INFORMATION START
lemma edge_count_hitting:
  assumes "finite Ls" "c \<in> Ls" "\<forall>l\<in>Ls. 0 < nl l"
  shows "edge_count N nl Ls w (\<lambda>T. c \<in> T)
       = (\<Sum>S\<in>Pow (Ls - {c}). pair_mass N nl Ls (insert c S) * w (insert c S)) - N / 2 * w Ls"
proof -
  let ?A = "Ls - {c}"
  have inj: "inj_on (insert c) (Pow ?A)"
    by (auto simp: inj_on_def)
  have "edge_count N nl Ls w (\<lambda>T. c \<in> T) = (\<Sum>T\<in>insert c ` Pow ?A. exactpairs N nl Ls T * w T)"
    unfolding edge_count_def Pow_filter_mem[OF assms(2)] ..
  also have "\<dots> = (\<Sum>S\<in>Pow ?A. exactpairs N nl Ls (insert c S) * w (insert c S))"
    by (simp only: sum.reindex[OF inj] comp_def)
  also have "\<dots> = (\<Sum>S\<in>Pow ?A. pair_mass N nl Ls (insert c S) * w (insert c S)
      - (if S = ?A then N / 2 * w (insert c S) else 0))"
  proof (rule sum.cong[OF refl])
    fix S assume S: "S \<in> Pow ?A"
    then have "insert c S \<subseteq> Ls" "insert c S = Ls \<longleftrightarrow> S = ?A"
      using assms(2) by auto
    then have "exactpairs N nl Ls (insert c S) = pair_mass N nl Ls (insert c S) - (if S = ?A then N / 2 else 0)"
      using assms exactpairs_eq[of Ls "insert c S" nl N] by simp
    then show "exactpairs N nl Ls (insert c S) * w (insert c S)
        = pair_mass N nl Ls (insert c S) * w (insert c S) - (if S = ?A then N / 2 * w (insert c S) else 0)"
      by (simp add: left_diff_distrib)
  qed
  also have "\<dots> = (\<Sum>S\<in>Pow ?A. pair_mass N nl Ls (insert c S) * w (insert c S)) - N / 2 * w Ls"
  proof -
    have "insert c ?A = Ls"
      using assms(2) by auto
    then show ?thesis
      using assms(1) by (simp add: sum_subtractf)
  qed
  finally show ?thesis .
qed

lemma edge_count_hitting_rescaled:
  assumes "finite Ls" "c \<in> Ls" "\<forall>l\<in>Ls. 0 < nl l"
  shows "edge_count N nl Ls w (\<lambda>T. c \<in> T) * (N - N / real (nl c))
       = (\<Sum>S\<in>Pow (Ls - {c}). pair_mass N nl Ls S * (N / real (nl c) * w (insert c S) - w Ls))"
proof -
  let ?A = "Ls - {c}" and ?X = "pair_mass N nl Ls"
  define u where "u = 1 / real (nl c)"
  have X: "(1 - u) * ?X (insert c S) = u * ?X S" if "S \<in> Pow ?A" for S
    using that assms unfolding u_def by (intro pair_mass_insert) auto
  have Xsum: "(\<Sum>S\<in>Pow ?A. ?X S) = N\<^sup>2 / 2 * (1 - u)"
    using sum_pair_mass_avoiding[OF assms(1,2)] unfolding u_def .
  have scale: "(\<Sum>S\<in>Pow ?A. ?X (insert c S) * w (insert c S)) * (N - N * u)
      = (\<Sum>S\<in>Pow ?A. N * ((1 - u) * ?X (insert c S)) * w (insert c S))"
    unfolding sum_distrib_right by (intro sum.cong refl) (simp add: algebra_simps)
  have "edge_count N nl Ls w (\<lambda>T. c \<in> T) * (N - N * u)
      = (\<Sum>S\<in>Pow ?A. ?X (insert c S) * w (insert c S)) * (N - N * u) - N\<^sup>2 / 2 * (1 - u) * w Ls"
    unfolding edge_count_hitting[OF assms] by (simp add: power2_eq_square algebra_simps)
  also have "\<dots> = (\<Sum>S\<in>Pow ?A. N * (u * ?X S) * w (insert c S)) - (\<Sum>S\<in>Pow ?A. ?X S) * w Ls"
    unfolding scale Xsum by (intro arg_cong2[where f = minus] sum.cong refl) (simp only: X)
  also have "\<dots> = (\<Sum>S\<in>Pow ?A. ?X S * (N * u * w (insert c S) - w Ls))"
    unfolding sum_distrib_right sum_subtractf[symmetric] by (intro sum.cong refl) (simp add: algebra_simps)
  finally show ?thesis
    by (simp add: u_def)
qed

text \<open>By retention_eq, the retention probability of layer c is below 1 exactly when the left-hand side is
  positive, i.e. when communities of c are denser inside than between each other.\<close>
lemma edge_count_density_gap:
  assumes "finite Ls" "c \<in> Ls" "\<forall>l\<in>Ls. 0 < nl l"
  shows "edge_count N nl Ls (edgeprob p) (\<lambda>T. c \<in> T) * (N - N / real (nl c))
         - edge_count N nl Ls (edgeprob p) (\<lambda>T. c \<notin> T) * (N / real (nl c) - 1)
       = (\<Sum>S\<in>Pow (Ls - {c}). pair_mass N nl Ls S
           * ((N / real (nl c) * p c - 1) * (\<Prod>l\<in>S. 1 - p l) + (\<Prod>l\<in>Ls. 1 - p l)))"
proof -
  let ?A = "Ls - {c}" and ?X = "pair_mass N nl Ls" and ?W = "edgeprob p" and ?s = "N / real (nl c)"
  let ?F = "\<lambda>S. \<Prod>l\<in>S. 1 - p l"
  have avoid: "edge_count N nl Ls ?W (\<lambda>T. c \<notin> T) * (?s - 1) = (\<Sum>S\<in>Pow ?A. ?X S * (?W S * (?s - 1)))"
    unfolding edge_count_avoiding[OF assms] by (simp add: sum_distrib_right mult.assoc)
  have "?X S * (?s * ?W (insert c S) - ?W Ls) - ?X S * (?W S * (?s - 1))
      = ?X S * ((?s * p c - 1) * ?F S + ?F Ls)" if "S \<in> Pow ?A" for S
  proof -
    have "c \<notin> S" "finite S"
      using that assms(1) finite_subset by auto
    then have W: "?W (insert c S) = ?W S + p c * ?F S"
      unfolding edgeprob_def by (simp add: algebra_simps)
    show ?thesis
      unfolding W unfolding edgeprob_def by (simp add: algebra_simps)
  qed
  then show ?thesis
    unfolding edge_count_hitting_rescaled[OF assms] avoid sum_subtractf[symmetric] by (rule sum.cong[OF refl])
qed

lemma edge_count_density_gap_pos:
  assumes "finite Ls" "c \<in> Ls" "\<forall>l\<in>Ls. 1 < nl l" "N \<noteq> 0" "\<forall>l\<in>Ls. 0 \<le> p l \<and> p l \<le> 1"
    and "1 < N / real (nl c) * p c"
  shows "edge_count N nl Ls (edgeprob p) (\<lambda>T. c \<notin> T) * (N / real (nl c) - 1)
       < edge_count N nl Ls (edgeprob p) (\<lambda>T. c \<in> T) * (N - N / real (nl c))"
proof -
  let ?F = "\<lambda>S. \<Prod>l\<in>S. 1 - p l" and ?s = "N / real (nl c)"
  have F: "0 \<le> ?F S" if "S \<subseteq> Ls" for S
    using that assms(5) by (intro prod_nonneg) auto
  have "0 < (\<Sum>S\<in>Pow (Ls - {c}). pair_mass N nl Ls S * ((?s * p c - 1) * ?F S + ?F Ls))"
  proof (rule sum_pos2)
    show "0 < pair_mass N nl Ls {} * ((?s * p c - 1) * ?F {} + ?F Ls)"
      using assms(3,4,6) F[of Ls] by (intro mult_pos_pos pair_mass_pos) auto
    show "0 \<le> pair_mass N nl Ls S * ((?s * p c - 1) * ?F S + ?F Ls)" if "S \<in> Pow (Ls - {c})" for S
    proof -
      have "0 \<le> ?F S"
        using that by (intro F) auto
      then show ?thesis
        using assms(6) F[of Ls] by (intro mult_nonneg_nonneg add_nonneg_nonneg pair_mass_nonneg) auto
    qed
  qed (use assms(1) in auto)
  moreover have "\<forall>l\<in>Ls. 0 < nl l"
    using assms(3) by auto
  ultimately show ?thesis
    using edge_count_density_gap[OF assms(1,2), of nl N p] by linarith
qed

lemma retention_eq:
  assumes "finite Ls" "0 < nl c" "N / real (nl c) \<notin> {0, 1, N}"
    and "edge_count N nl Ls (edgeprob p) (\<lambda>T. c \<in> T) \<noteq> 0"
  shows "retention N nl Ls p c
       = edge_count N nl Ls (edgeprob p) (\<lambda>T. c \<notin> T) * (N / real (nl c) - 1)
         / (edge_count N nl Ls (edgeprob p) (\<lambda>T. c \<in> T) * (N - N / real (nl c)))"
proof -
  define ins where "ins = edge_count N nl Ls (edgeprob p) (\<lambda>T. c \<in> T)"
  define outs where "outs = edge_count N nl Ls (edgeprob p) (\<lambda>T. c \<notin> T)"
  define s where "s = N / real (nl c)"
  have "e_in N nl Ls (edgeprob p) c = ins / real (nl c)" "e_out N nl Ls (edgeprob p) c = 2 * outs / real (nl c)"
    unfolding e_in_def e_out_def ins_def outs_def edge_count_def by simp_all
  then have "retention N nl Ls p c = (2 * outs / real (nl c) / (s * (N - s))) / (ins / real (nl c) / (s * (s - 1) / 2))"
    unfolding retention_def Let_def s_def by simp
  also have "\<dots> = outs * (s - 1) / (ins * (N - s))"
  proof -
    have "s \<noteq> 0" "s - 1 \<noteq> 0" "N - s \<noteq> 0" "real (nl c) \<noteq> 0" "ins \<noteq> 0"
      using assms unfolding s_def ins_def by auto
    then show ?thesis
      by (simp add: field_simps)
  qed
  finally show ?thesis
    unfolding ins_def outs_def s_def .
qed

lemma retention_bounds:
  assumes "finite Ls" "c \<in> Ls" "d \<in> Ls" "d \<noteq> c"
    and "\<forall>l\<in>Ls. 1 < nl l" "(\<Prod>l\<in>Ls. real (nl l)) < N" "\<forall>l\<in>Ls. 0 < p l \<and> p l \<le> 1"
    and "1 < N / real (nl c) * p c"
  shows "0 < retention N nl Ls p c" "retention N nl Ls p c < 1"
proof -
  let ?ec = "edge_count N nl Ls (edgeprob p)" and ?s = "N / real (nl c)"
  have exact: "\<forall>T\<subseteq>Ls. 0 < exactpairs N nl Ls T"
    using exactpairs_pos assms(1,5,6) by blast
  have p: "\<forall>l\<in>Ls. 0 \<le> p l \<and> p l \<le> 1"
    using assms(7) by auto
  then have "\<forall>T\<subseteq>Ls. 0 \<le> edgeprob p T"
    by (blast intro: edgeprob_nonneg)
  then have ins: "0 < ?ec (\<lambda>T. c \<in> T)" and outs: "0 < ?ec (\<lambda>T. c \<notin> T)"
    using assms(2-4,7) by (intro edge_count_pos[OF assms(1) exact, of _ "{c}"] edge_count_pos[OF assms(1) exact, of _ "{d}"];
        auto)+
  have "0 < (\<Prod>l\<in>Ls. real (nl l))"
    using assms(5) by (intro prod_pos) auto
  then have N: "0 < N"
    using assms(6) by linarith
  have k: "1 < real (nl c)"
    using assms(2,5) by auto
  then have "?s * p c \<le> ?s"
    using N assms(2,7) by (intro mult_left_le) auto
  then have s1: "1 < ?s"
    using assms(8) by linarith
  have sN: "?s < N"
    using N k by (simp add: divide_less_eq)
  have ret: "retention N nl Ls p c = ?ec (\<lambda>T. c \<notin> T) * (?s - 1) / (?ec (\<lambda>T. c \<in> T) * (N - ?s))"
    using s1 sN ins k assms(1) by (intro retention_eq) auto
  show "0 < retention N nl Ls p c"
    unfolding ret using ins outs s1 sN by simp
  show "retention N nl Ls p c < 1"
    unfolding ret using edge_count_density_gap_pos[OF assms(1,2,5) _ p assms(8)] ins sN N
    by (simp add: divide_less_eq_1)
qed

section \<open>Three layers\<close>

definition pattern_edges :: "real \<Rightarrow> (nat \<Rightarrow> nat) \<Rightarrow> nat set \<Rightarrow> (nat \<Rightarrow> real) \<Rightarrow> nat set \<Rightarrow> real" where
  "pattern_edges N nl Ls p T = exactpairs N nl Ls T * edgeprob p T"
INFORMATION END
_WORK ORDER_: Gather up the lines containing the word "notin" from these records and copy them.

_ANSWER FOR THIS EXERCISE_:
         - edge_count N nl Ls (edgeprob p) (\<lambda>T. c \<notin> T) * (N / real (nl c) - 1)
  have avoid: "edge_count N nl Ls ?W (\<lambda>T. c \<notin> T) * (?s - 1) = (\<Sum>S\<in>Pow ?A. ?X S * (?W S * (?s - 1)))"
    have "c \<notin> S" "finite S"
  shows "edge_count N nl Ls (edgeprob p) (\<lambda>T. c \<notin> T) * (N / real (nl c) - 1)
  assumes "finite Ls" "0 < nl c" "N / real (nl c) \<notin> {0, 1, N}"
       = edge_count N nl Ls (edgeprob p) (\<lambda>T. c \<notin> T) * (N / real (nl c) - 1)
  define outs where "outs = edge_count N nl Ls (edgeprob p) (\<lambda>T. c \<notin> T)"
  then have ins: "0 < ?ec (\<lambda>T. c \<in> T)" and outs: "0 < ?ec (\<lambda>T. c \<notin> T)"
  have ret: "retention N nl Ls p c = ?ec (\<lambda>T. c \<notin> T) * (?s - 1) / (?ec (\<lambda>T. c \<in> T) * (N - ?s))"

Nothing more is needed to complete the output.